How would you go into identifying if this is definitely an issue or not?
Current system is 32GB of RAM; RAIDZ2 6x4TB WD Red disk
When I copy a 20TB file within a pool using rsync, I see speeds that a varying greatly over time. 70MB/s to 135MB/s, constantly changing in between.
zpool iostat 1 gives me as output
as you can see, this varies *greatly* ever second... I'm a tad ensure in what's going on....
using the plain cp, it varies slightly less, but still significant enough:
a few second later it was:
is this something a SLOG could make a difference with? should the size of the cache or even the amount of RAM available be reduced?
Large RAM, small pool, performance problem example:
With 32GB, you have potentially 4GB by default (the write shift value of 3 resulting in 1/8th of system memory) allocated to transaction group buffer. Now ZFS does have some code to try to feel out and adjust the size of a transaction group, but consider the scenario where you have four oldish drives in RAIDZ2 capable of writing a max of 100MB/sec to the pool and your transaction group flush period is 5 seconds. So realistically if you're trying to write more than 500MB to the pool you're in trouble, right? But if you have 4GB worth of stuff queued up in a way-too-big txg to write in that time, that could be bad. If you stopped writing, ZFS would actually be fine but it'd take "too long" to write that txg and it'd notice, which is kind of how it tries to adjust txg size if I remember correctly.
But if you keep writing, like let's say dd if=/dev/zero which can go real fast, and you fill another transaction group while the first one is only a fraction of the way complete, now ZFS has a problem. It cannot shift the current txg into flush mode because the old one isn't done. So instead ZFS blocks.
Now, to be very clear here, ZFS is still busily writing out your data about as fast as the hardware is capable of... but with all the stuff queued up, you're locked out. Until that first flush is done, ZFS is effectively paused.
If you look at the system from a great enough distance, it looks fine: over the period of a day, you'll see that it's writing at an average 100MB/sec. Which is great! Because the system can only go 100MB/sec. But working interactively with the system, it is "run run <bam> wait wait wait wait wait wait wait wait GO! run run <bam>" etc. which could be a serious problem for a NAS platform.
Now on one hand, gigE places a limit on the amount of stuff you might reasonably queue up into a txg ... assuming you don't do anything at the console, and you only have a single gigE, and the hardware is capable of sustaining at least 125MB/sec ... if all that's true, then you might not ever see "serious" problems. But I do all my major data work at the console. And I really want the system to remain responsive, even if that means less throughput more reliably. And that's what bug 1531 is all about. Including technique to manually size the write buffer more reasonably.

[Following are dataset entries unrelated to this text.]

lemma hdist_vertical: "\<alpha> > 0 \<Longrightarrow> \<beta> > 0 \<Longrightarrow> hdist (u, \<alpha>) (u, \<beta>) = \<bar>ln \<alpha> - ln \<beta>\<bar>"
  using geodesic_line_vertical[of u] unfolding geodesic_line_def by (metis exp_ln)

lemma cosh_arsinh_real: "cosh (arsinh x) = sqrt (x\<^sup>2 + 1)" for x :: real
  by (metis cosh_real_pos cosh_square_eq less_eq_real_def real_sqrt_unique sinh_arsinh_real)

lemma semicircle_arsinh:
  assumes "h > 0"
  shows "semicircle 0 (sqrt (k\<^sup>2 + h\<^sup>2)) (arsinh (k / h)) = (k, h)"
proof -
  have "(k / h)\<^sup>2 + 1 = (k\<^sup>2 + h\<^sup>2) / h\<^sup>2" using assms by (simp add: field_simps)
  then have "sqrt ((k / h)\<^sup>2 + 1) = sqrt (k\<^sup>2 + h\<^sup>2) / h"
    using assms by (simp add: real_sqrt_divide)
  moreover have "sqrt (k\<^sup>2 + h\<^sup>2) > 0" using assms by (simp add: add_nonneg_pos)
  ultimately show ?thesis
    using assms by (simp add: semicircle_def tanh_def cosh_arsinh_real)
qed

lemma hgeod_geodesic_line:
  assumes "geodesic_line g"
  shows "hgeod (\<lambda>t. g (a + t * (b - a))) (g a) (g b)"
proof -
  have "hdist (g (a + s * (b - a))) (g (a + t * (b - a))) = \<bar>s - t\<bar> * hdist (g a) (g b)"
    for s t
    using assms unfolding geodesic_line_def
    by (simp add: abs_mult abs_minus_commute flip: right_diff_distrib left_diff_distrib)
  then show ?thesis using assms unfolding hgeod_def geodesic_line_def by simp
qed

lemma geodesic_line_in_seg:
  assumes "geodesic_line g" "fst P = g a" "fst Q = g b" "a \<noteq> b" "p = g \<tau>"
    and "r = (\<tau> - a) / (b - a)" "0 \<le> r" "r \<le> 1" "z = (1 - r) * snd P + r * snd Q"
  shows "(p, z) \<in> seg P Q"
proof -
  have "p = g (a + r * (b - a))" using assms(4-6) by simp
  then show ?thesis unfolding seg_def using assms(2,3,7-9) hgeod_geodesic_line[OF assms(1)]
    by (intro CollectI exI[of _ "\<lambda>t. g (a + t * (b - a))"] exI[of _ r]) auto
qed

lemma hgeod_hdist:
  assumes "hgeod c x0 x1" "t \<in> {0..1}"
  shows "hdist x0 (c t) = t * hdist x0 x1" "hdist (c t) x1 = (1 - t) * hdist x0 x1"
proof -
  have "c 0 = x0" "c 1 = x1"
    and d: "\<forall>s\<in>{0..1}. \<forall>t\<in>{0..1}. hdist (c s) (c t) = \<bar>s - t\<bar> * hdist x0 x1"
    using assms(1) unfolding hgeod_def by auto
  then show "hdist x0 (c t) = t * hdist x0 x1" "hdist (c t) x1 = (1 - t) * hdist x0 x1"
    using d[rule_format, of 0 t] d[rule_format, of t 1] assms(2) by auto
qed

lemma segE:
  assumes "(p, z) \<in> seg P Q"
  obtains t where "t \<in> {0..1}" "z = (1 - t) * snd P + t * snd Q" "p \<in> H2"
    "hdist (fst P) p = t * hdist (fst P) (fst Q)"
    "hdist p (fst Q) = (1 - t) * hdist (fst P) (fst Q)"
proof -
  from assms obtain c t where "hgeod c (fst P) (fst Q)" "t \<in> {0..1}" "p = c t"
    "z = (1 - t) * snd P + t * snd Q"
    unfolding seg_def by auto
  with that hgeod_hdist show thesis unfolding hgeod_def by blast
qed

lemma cosh_add_sq:
  "(cosh (x + y) - cosh x * cosh y)\<^sup>2 = ((cosh x)\<^sup>2 - 1) * ((cosh y)\<^sup>2 - 1)" for x y :: real
  by (simp add: cosh_add power_mult_distrib sinh_square_eq)

lemma hdist_additive_vertical:
  assumes "\<alpha> > 0" "\<beta> > 0" "\<alpha> \<noteq> \<beta>" "snd b > 0"
    and "hdist (u, \<alpha>) (u, \<beta>) + hdist (u, \<beta>) b = hdist (u, \<alpha>) b"
  shows "fst b = u"
proof -
  obtain x y where b: "b = (x, y)" by (cases b)
  have y: "y > 0" using assms(4) b by simp
  define d1 d2 where "d1 = hdist (u, \<alpha>) (u, \<beta>)" and "d2 = hdist (u, \<beta>) b"
  have c1: "cosh d1 = 1 + (\<alpha> - \<beta>)\<^sup>2 / (2 * \<alpha> * \<beta>)"
    unfolding d1_def using assms(1,2) by (simp add: cosh_hdist)
  have c2: "cosh d2 = 1 + ((u - x)\<^sup>2 + (\<beta> - y)\<^sup>2) / (2 * \<beta> * y)"
    unfolding d2_def b using assms(2) y by (simp add: cosh_hdist)
  have c3: "cosh (d1 + d2) = 1 + ((u - x)\<^sup>2 + (\<alpha> - y)\<^sup>2) / (2 * \<alpha> * y)"
    unfolding d1_def d2_def assms(5) unfolding b using assms(1) y by (simp add: cosh_hdist)
  have "(cosh (d1 + d2) - cosh d1 * cosh d2)\<^sup>2 - ((cosh d1)\<^sup>2 - 1) * ((cosh d2)\<^sup>2 - 1)
      = - ((\<beta>\<^sup>2 - \<alpha>\<^sup>2) * (x - u) / (2 * \<alpha> * \<beta> * y))\<^sup>2"
    unfolding c1 c2 c3 using assms(1,2) y by (simp add: field_simps) algebra
  then have "(\<beta>\<^sup>2 - \<alpha>\<^sup>2) * (x - u) = 0" using assms(1,2) y by (simp add: cosh_add_sq)
  moreover have "\<beta>\<^sup>2 \<noteq> \<alpha>\<^sup>2" using assms(1-3) by simp
  ultimately show ?thesis using b by simp
qed
(* Let $G=(V,E)$ be a connected graph and $1\le k\le |V|$. Let $D\subseteq V$ be such that every $v\in D$ is dominated by some $u\in V\setminus D$, and $|V\setminus D|\ge k$. Let $S\subseteq V\setminus D$ with $|S|=k$ be a local optimum with respect to swaps restricted to $V\setminus D$, i.e. for all $s\in S$ and all $o\in (V\setminus D)\setminus S$ we have $f((S\setminus\{s\})\cup\{o\})\ge f(S)$. Then $$f(S)\le 5\cdot \min\{f(T): T\subseteq V,\ |T|=k\},$$ equivalently $c(S)\ge \tfrac15\max\{c(T):T\subseteq V,\ |T|=k\}$.
   Context: Graphs are finite, undirected, unweighted, without self-loops, connected. $\mathrm{dist}$ is the shortest-path distance, $\mathrm{dist}(u,S)=\min_{s\in S}\mathrm{dist}(u,s)$, group farness $f(S)=\sum_{u\in V}\mathrm{dist}(u,S)$, and group closeness $c(S)=(|V|-|S|)/f(S)$. $N[v]$ is the closed neighborhood of $v$, and $u$ dominates $v$ if $N[v]\subseteq N[u]$. *)

theory Defs
  imports Main
begin

definition simple_graph :: "'a set \<Rightarrow> ('a \<Rightarrow> 'a \<Rightarrow> bool) \<Rightarrow> bool" where
  "simple_graph V E \<longleftrightarrow> finite V \<and> V \<noteq> {} \<and>
     (\<forall>u v. E u v \<longrightarrow> u \<in> V \<and> v \<in> V) \<and>
     (\<forall>u v. E u v \<longrightarrow> E v u) \<and> (\<forall>v. \<not> E v v)"

definition is_walk :: "'a set \<Rightarrow> ('a \<Rightarrow> 'a \<Rightarrow> bool) \<Rightarrow> 'a list \<Rightarrow> bool" where
  "is_walk V E xs \<longleftrightarrow> xs \<noteq> [] \<and> set xs \<subseteq> V \<and>
     (\<forall>i. Suc i < length xs \<longrightarrow> E (xs ! i) (xs ! Suc i))"

definition connected_graph :: "'a set \<Rightarrow> ('a \<Rightarrow> 'a \<Rightarrow> bool) \<Rightarrow> bool" where
  "connected_graph V E \<longleftrightarrow> simple_graph V E \<and>
     (\<forall>u\<in>V. \<forall>v\<in>V. \<exists>xs. is_walk V E xs \<and> hd xs = u \<and> last xs = v)"

definition dist :: "'a set \<Rightarrow> ('a \<Rightarrow> 'a \<Rightarrow> bool) \<Rightarrow> 'a \<Rightarrow> 'a \<Rightarrow> nat" where
  "dist V E u v = (LEAST n. \<exists>xs. is_walk V E xs \<and> hd xs = u \<and> last xs = v \<and> length xs = Suc n)"

definition dist_set :: "'a set \<Rightarrow> ('a \<Rightarrow> 'a \<Rightarrow> bool) \<Rightarrow> 'a \<Rightarrow> 'a set \<Rightarrow> nat" where
  "dist_set V E u S = Min (dist V E u ` S)"

definition farness :: "'a set \<Rightarrow> ('a \<Rightarrow> 'a \<Rightarrow> bool) \<Rightarrow> 'a set \<Rightarrow> nat" where
  "farness V E S = (\<Sum>u\<in>V. dist_set V E u S)"

definition closed_nbhd :: "('a \<Rightarrow> 'a \<Rightarrow> bool) \<Rightarrow> 'a \<Rightarrow> 'a set" where
  "closed_nbhd E v = insert v {w. E v w}"

definition dominates :: "('a \<Rightarrow> 'a \<Rightarrow> bool) \<Rightarrow> 'a \<Rightarrow> 'a \<Rightarrow> bool" where
  "dominates E u v \<longleftrightarrow> closed_nbhd E v \<subseteq> closed_nbhd E u"

end

theory Submission
  imports Defs
begin

text \<open>Replacing each vertex of D in an optimal group T by a vertex of V - D dominating it
  does not increase farness, because a shortest path ending in a dominated vertex can be
  redirected to its dominator.  So it suffices to compare S with a group Y \<subseteq> V - D, and
  this is the local-search analysis of Arya et al. for k-median, valid for any metric:
  pair the vertices of Y with vertices of S, each used at most twice and never
  capturing (serving more than half of the clients of) another vertex of Y.  Summing the
  k swap inequalities, with the clients of the removed vertex rerouted along a
  permutation of the clients of each vertex of Y, gives f(S) \<le> f(Y) + 2 (2 f(Y)) = 5 f(Y).\<close>

section \<open>Walks and distances\<close>

lemma connected_graph_finite: "connected_graph V E \<Longrightarrow> finite V"
  by (simp add: connected_graph_def simple_graph_def)

lemma connected_graph_sym: "connected_graph V E \<Longrightarrow> E u v \<Longrightarrow> E v u"
  by (simp add: connected_graph_def simple_graph_def)

lemma is_walk_Cons:
  "is_walk V E (x # xs) \<longleftrightarrow> x \<in> V \<and> (xs = [] \<or> E x (hd xs) \<and> is_walk V E xs)"
  by (cases xs) (auto simp: is_walk_def nth_Cons split: nat.splits)

lemma is_walk_singleton: "is_walk V E [x] \<longleftrightarrow> x \<in> V"
  by (simp add: is_walk_Cons)

lemma is_walk_append:
  assumes "xs \<noteq> []" "ys \<noteq> []"
  shows "is_walk V E (xs @ ys) \<longleftrightarrow> is_walk V E xs \<and> is_walk V E ys \<and> E (last xs) (hd ys)"
  using assms by (induction xs rule: list_nonempty_induct) (auto simp: is_walk_Cons)

lemma is_walk_rev:
  assumes "connected_graph V E" "is_walk V E xs"
  shows "is_walk V E (rev xs)"
  using assms(2)
proof (induction xs)
  case (Cons x xs)
  then show ?case
    by (cases "xs = []")
      (auto simp: is_walk_Cons is_walk_append last_rev connected_graph_sym[OF assms(1)])
qed (simp add: is_walk_def)

lemma dist_le_walk:
  assumes "is_walk V E xs" "hd xs = u" "last xs = v"
  shows "dist V E u v \<le> length xs - 1"
  unfolding dist_def
  by (rule Least_le) (use assms in \<open>auto simp: is_walk_def intro!: exI[of _ xs]\<close>)

lemma obtain_shortest_walk:
  assumes "connected_graph V E" "u \<in> V" "v \<in> V"
  obtains xs where "is_walk V E xs" "hd xs = u" "last xs = v" "length xs = Suc (dist V E u v)"
proof -
  obtain xs where "is_walk V E xs" "hd xs = u" "last xs = v"
    using assms unfolding connected_graph_def by blast
  then have "\<exists>n xs. is_walk V E xs \<and> hd xs = u \<and> last xs = v \<and> length xs = Suc n"
    by (metis Suc_diff_1 is_walk_def length_greater_0_conv)
  from LeastI_ex[OF this] show ?thesis
    using that unfolding dist_def by blast
qed

lemma dist_self: "u \<in> V \<Longrightarrow> dist V E u u = 0"
  using dist_le_walk[of V E "[u]" u u] by (simp add: is_walk_singleton)

lemma dist_eq_0_iff:
  assumes "connected_graph V E" "u \<in> V" "v \<in> V"
  shows "dist V E u v = 0 \<longleftrightarrow> u = v"
proof
  assume "dist V E u v = 0"
  then obtain xs where "hd xs = u" "last xs = v" "length xs = 1"
    using obtain_shortest_walk[OF assms] by (metis One_nat_def)
  then show "u = v" by (cases xs) auto
qed (use dist_self assms in auto)

lemma dist_triangle:
  assumes "connected_graph V E" "u \<in> V" "v \<in> V" "w \<in> V"
  shows "dist V E u w \<le> dist V E u v + dist V E v w"
proof -
  obtain xs where xs: "is_walk V E xs" "hd xs = u" "last xs = v" "length xs = Suc (dist V E u v)"
    using obtain_shortest_walk[OF assms(1-3)] .
  obtain ys where ys: "is_walk V E ys" "hd ys = v" "last ys = w" "length ys = Suc (dist V E v w)"
    using obtain_shortest_walk[OF assms(1,3,4)] .
  show ?thesis
  proof (cases "tl ys")
    case Nil
    then have "ys = [v]" using ys by (cases ys) auto
    then show ?thesis using dist_le_walk[OF xs(1-2)] xs ys by auto
  next
    case (Cons y r)
    then have ys_eq: "ys = v # y # r" using ys by (cases ys) auto
    have "xs \<noteq> []" using xs(1) by (simp add: is_walk_def)
    then have "is_walk V E (xs @ y # r)"
      using xs ys ys_eq by (auto simp: is_walk_append is_walk_Cons)
    moreover have "hd (xs @ y # r) = u" "last (xs @ y # r) = w"
      using xs ys ys_eq by (cases xs; auto)+
    ultimately show ?thesis using dist_le_walk xs ys ys_eq by fastforce
  qed
qed

lemma dist_commute:
  assumes "connected_graph V E" "u \<in> V" "v \<in> V"
  shows "dist V E u v = dist V E v u"
proof -
  have "dist V E a b \<le> dist V E b a" if ab: "a \<in> V" "b \<in> V" for a b
  proof -
    obtain xs where xs: "is_walk V E xs" "hd xs = b" "last xs = a" "length xs = Suc (dist V E b a)"
      using obtain_shortest_walk[OF assms(1) ab(2,1)] .
    then show ?thesis
      using dist_le_walk[OF is_walk_rev[OF assms(1) xs(1)]] by (simp add: hd_rev last_rev)
  qed
  then show ?thesis using assms(2,3) by (simp add: order_antisym)
qed
(* Let $w$ be a positive integer constant. There exists a constant $h>0$ such that if $p>0$ is a function of $n$ and $f$ is a $w$-DNF on $\{0,1\}^{L_{d'}}$, then $f\circ\Phi_{d'}$ can be represented as a decision tree of height at most $h\ln(p)$ with probability $1-O(1/p)$.
   Context: Fix $k\ge2$ and $0\le\theta<1$; $n=k^d$ with $d'\le d$. $L_r$ is the set of depth-$r$ vertices of the complete $k$-ary tree, $\mathrm{parent}(v)$ the parent of $v$. $R_\theta$ is the distribution on $\{0,1,*\}$ giving $0$ and $1$ each probability $(1-\theta)/2$ and $*$ probability $\theta$. $\Phi_{d'}:\{0,1\}^{L_{d'-1}}\to\{0,1\}^{L_{d'}}$ is the random map defined by drawing $r\in\{0,1,*\}^{L_{d'}}$ with i.i.d. $R_\theta$ coordinates and setting $(\Phi_{d'}(x))_v=r_v$ if $r_v\in\{0,1\}$, and $x_{\mathrm{parent}(v)}$ if $r_v=*$. A $w$-DNF is an OR of ANDs of at most $w$ literals. *)

theory Defs
  imports "HOL-Probability.Probability"
begin

text \<open>Vertices of the complete k-ary tree: lists over {0..<k}; depth = length;
  the parent of a vertex is obtained by dropping its last entry.\<close>
definition tree_level :: "nat \<Rightarrow> nat \<Rightarrow> nat list set" where
  "tree_level k r = {v. length v = r \<and> set v \<subseteq> {..<k}}"

definition parent :: "nat list \<Rightarrow> nat list" where
  "parent v = butlast v"

text \<open>The distribution R_theta on {0,1,*}: Some False = 0, Some True = 1, None = *.\<close>
definition R_theta :: "real \<Rightarrow> bool option pmf" where
  "R_theta \<theta> = embed_pmf (\<lambda>x. case x of None \<Rightarrow> \<theta> | Some _ \<Rightarrow> (1 - \<theta>) / 2)"
(* Let $X=\ell_2(\mathbb N)$ (complex), with unit vectors $e_k$, and let $(\lambda_k)_{k\ge1}$ be real numbers with $0<\lambda_1<\lambda_2<\cdots$ and $\lambda_k\to\infty$. Define $Ax=\sum_{k\ge1}-\lambda_k\langle x,e_k\rangle e_k$ on $D(A)=\{x\in\ell_2:\sum_k-\lambda_k\langle x,e_k\rangle e_k\text{ converges in }\ell_2\}$, and let $B\in L(\mathbb C^m,X_{-1})$. Then the system $\dot x=Ax+Bu$ with inputs $u\in L^\infty(\mathbb R_+,\mathbb C^m)$ is ISS, and $$V(x)=-\operatorname{Re}\langle A^{-1}x,x\rangle=\sum_{k=1}^\infty\frac{1}{\lambda_k}|\langle x,e_k\rangle|^2$$ is a non-coercive ISS Lyapunov function for it.
   Context: $X_{-1}$ is the completion of $X$ with respect to $\|x\|_{X_{-1}}=\|(\beta I-A)^{-1}x\|_X$ for some $\beta$ in the resolvent set of $A$; $(T_{-1}(t))$ extends the semigroup $(T(t))$ generated by $A$ to $X_{-1}$. The mild solution is $\phi(t,x_0,u)=T(t)x_0+\int_0^tT_{-1}(t-s)Bu(s)ds$. ISS: there are $\beta\in\mathcal{KL}$, $\gamma\in\mathcal K$ with $\|\phi(t,x_0,u)\|\le\beta(\|x_0\|,t)+\gamma(\|u\|_\infty)$ for all $x_0,u,t\ge0$. $\dot V_u(x)=\limsup_{t\to+0}\frac1t(V(\phi(t,x,u))-V(x))$; a continuous $V:X\to\mathbb R_+$ is a non-coercive ISS Lyapunov function if there exist $\psi_2,\alpha\in\mathcal K_\infty$, $\sigma\in\mathcal K$ with $0<V(x)\le\psi_2(\|x\|)$ for $x\ne0$ and $\dot V_u(x)\le-\alpha(\|x\|)+\sigma(\|u\|_\infty)$ for all $x,u$. $\mathcal K$ = continuous strictly increasing $\gamma:\mathbb R_+\to\mathbb R_+$ with $\gamma(0)=0$; $\mathcal K_\infty$ = unbounded elements of $\mathcal K$; $\mathcal{KL}$ = $\beta:\mathbb R_+^2\to\mathbb R_+$ with $\beta(\cdot,t)\in\mathcal K$ and $\beta(r,\cdot)$ continuous strictly decreasing to $0$ for $r>0$. *)

theory Defs
  imports "HOL-Analysis.Analysis" "HOL-Probability.Essential_Supremum"
begin

definition l2 :: "(nat \<Rightarrow> complex) set" where
  "l2 = {x. summable (\<lambda>k. (cmod (x k))\<^sup>2)}"

definition l2norm :: "(nat \<Rightarrow> complex) \<Rightarrow> real" where
  "l2norm x = sqrt (\<Sum>k. (cmod (x k))\<^sup>2)"

definition l2inner :: "(nat \<Rightarrow> complex) \<Rightarrow> (nat \<Rightarrow> complex) \<Rightarrow> complex" where
  "l2inner x y = (\<Sum>k. x k * cnj (y k))"

definition opA :: "(nat \<Rightarrow> real) \<Rightarrow> (nat \<Rightarrow> complex) \<Rightarrow> (nat \<Rightarrow> complex)" where
  "opA lam x = (\<lambda>k. - complex_of_real (lam k) * x k)"

definition domA :: "(nat \<Rightarrow> real) \<Rightarrow> (nat \<Rightarrow> complex) set" where
  "domA lam = {x \<in> l2. \<exists>y\<in>l2.
     (\<lambda>n. l2norm (\<lambda>k. (if k < n then - complex_of_real (lam k) * x k else 0) - y k))
       \<longlonglongrightarrow> 0}"

text \<open>Extrapolation space X_{-1}, the completion of X w.r.t. the norm ||A^{-1} x||
  (beta = 0 lies in the resolvent set), realised as sequences with
  sum_k |x_k|^2 / lam_k^2 finite.\<close>

definition Xm1 :: "(nat \<Rightarrow> real) \<Rightarrow> (nat \<Rightarrow> complex) set" where
  "Xm1 lam = {x. summable (\<lambda>k. (cmod (x k))\<^sup>2 / (lam k)\<^sup>2)}"

text \<open>B in L(C^m, X_{-1}) is given by the images b j = B e_j in X_{-1};
  (B v)_k = sum_j v_j (b j)_k.\<close>

definition opB :: "('m::finite \<Rightarrow> nat \<Rightarrow> complex) \<Rightarrow> complex^'m \<Rightarrow> (nat \<Rightarrow> complex)" where
  "opB b v = (\<lambda>k. \<Sum>j\<in>UNIV. v $ j * b j k)"

definition Linf :: "(real \<Rightarrow> complex^'m::finite) set" where
  "Linf = {u. u \<in> borel_measurable (restrict_space lborel {0..}) \<and>
              esssup (restrict_space lborel {0..}) (\<lambda>t. ereal (norm (u t))) < \<infinity>}"

definition linf_norm :: "(real \<Rightarrow> complex^'m::finite) \<Rightarrow> real" where
  "linf_norm u = real_of_ereal (esssup (restrict_space lborel {0..}) (\<lambda>t. ereal (norm (u t))))"

text \<open>Mild solution phi(t,x0,u) = T(t) x0 + int_0^t T_{-1}(t-s) B u(s) ds, written
  coordinatewise (the coordinate functionals are continuous on X_{-1}, and T(t), T_{-1}(t)
  act diagonally by exp(-lam_k t)).\<close>

definition phi :: "(nat \<Rightarrow> real) \<Rightarrow> ('m::finite \<Rightarrow> nat \<Rightarrow> complex) \<Rightarrow> real
                    \<Rightarrow> (nat \<Rightarrow> complex) \<Rightarrow> (real \<Rightarrow> complex^'m) \<Rightarrow> (nat \<Rightarrow> complex)" where
  "phi lam b t x0 u = (\<lambda>k. complex_of_real (exp (- lam k * t)) * x0 k
      + (LINT s:{0..t}|lborel. complex_of_real (exp (- lam k * (t - s))) * opB b (u s) k))"

definition classK :: "(real \<Rightarrow> real) \<Rightarrow> bool" where
  "classK g \<longleftrightarrow> continuous_on {0..} g \<and> strict_mono_on {0..} g \<and> g 0 = 0"

definition classKinf :: "(real \<Rightarrow> real) \<Rightarrow> bool" where
  "classKinf g \<longleftrightarrow> classK g \<and> (\<forall>M. \<exists>r\<ge>0. g r > M)"

definition classKL :: "(real \<Rightarrow> real \<Rightarrow> real) \<Rightarrow> bool" where
  "classKL \<beta> \<longleftrightarrow> (\<forall>t\<ge>0. classK (\<lambda>r. \<beta> r t)) \<and>
     (\<forall>r>0. continuous_on {0..} (\<beta> r) \<and>
            (\<forall>s t. 0 \<le> s \<longrightarrow> s < t \<longrightarrow> \<beta> r t < \<beta> r s) \<and>
            (\<beta> r \<longlongrightarrow> 0) at_top)"

definition ISS :: "(nat \<Rightarrow> real) \<Rightarrow> ('m::finite \<Rightarrow> nat \<Rightarrow> complex) \<Rightarrow> bool" where
  "ISS lam b \<longleftrightarrow> (\<exists>\<beta> \<gamma>. classKL \<beta> \<and> classK \<gamma> \<and>
     (\<forall>x0\<in>l2. \<forall>u\<in>Linf. \<forall>t\<ge>0.
        phi lam b t x0 u \<in> l2 \<and>
        l2norm (phi lam b t x0 u) \<le> \<beta> (l2norm x0) t + \<gamma> (linf_norm u)))"

definition Vdot :: "(nat \<Rightarrow> real) \<Rightarrow> ('m::finite \<Rightarrow> nat \<Rightarrow> complex) \<Rightarrow> ((nat \<Rightarrow> complex) \<Rightarrow> real)
                    \<Rightarrow> (real \<Rightarrow> complex^'m) \<Rightarrow> (nat \<Rightarrow> complex) \<Rightarrow> ereal" where
  "Vdot lam b V u x = Limsup (at_right 0) (\<lambda>t. ereal ((V (phi lam b t x u) - V x) / t))"

definition ncISS_LF :: "(nat \<Rightarrow> real) \<Rightarrow> ('m::finite \<Rightarrow> nat \<Rightarrow> complex) \<Rightarrow> ((nat \<Rightarrow> complex) \<Rightarrow> real) \<Rightarrow> bool" where
  "ncISS_LF lam b V \<longleftrightarrow>
     (\<forall>x\<in>l2. 0 \<le> V x) \<and>
     (\<forall>x\<in>l2. \<forall>\<epsilon>>0. \<exists>\<delta>>0. \<forall>y\<in>l2. l2norm (\<lambda>k. y k - x k) < \<delta> \<longrightarrow> \<bar>V y - V x\<bar> < \<epsilon>) \<and>
     (\<exists>\<psi>2 \<alpha> \<sigma>. classKinf \<psi>2 \<and> classKinf \<alpha> \<and> classK \<sigma> \<and>
        (\<forall>x\<in>l2. x \<noteq> (\<lambda>k. 0) \<longrightarrow> 0 < V x \<and> V x \<le> \<psi>2 (l2norm x)) \<and>
        (\<forall>x\<in>l2. \<forall>u\<in>(Linf :: (real \<Rightarrow> complex^'m) set).
            Vdot lam b V u x \<le> ereal (- \<alpha> (l2norm x) + \<sigma> (linf_norm u))))"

But now something more generally applicable to you, I think:
Varying pool I/O speeds are not necessarily indicative of a problem. In the old days, we could fairly reliably predict the speeds we'd see because file systems were simple and in many cases the blocks were just coming off the disk, running up through some trite OS layers, and being fed into an application, so the speed very closely resembled the sequential block throughput of the disk adjusted for some overhead. That ought to seem like a very sensible observation, and I suspect you're even getting ready to say "but ... fragmentation, seeks, ...!" which is also correct, those things were difficult to predict and were the cause of poor performance.
ZFS is more complex because it is involving lots more potential cache, multiple drives, and a complexity that makes performance analysis somewhat dismaying because it can be difficult to understand symptoms or even difficult just to repeat a simple test and get similar results. Because ZFS has been designed to be your RAID controller AND your filesystem, and because that's more integrated than a legacy filesystem-on-top-of-hardware-RAID, it is harder to understand. It is not just shoveling data out in easily predictable ways. It is caching data, aggregating data to be written, and the behaviours make per-second measurement and monitoring less-useful. Imagine that you had per-millisecond reporting on the status of the cylinders of an internal combustion engine. It would be reporting wildly varying results in a way that you might or might not interpret usefully, but when taken as a whole the engine's performance is what it should be. ZFS is in some ways very much like that.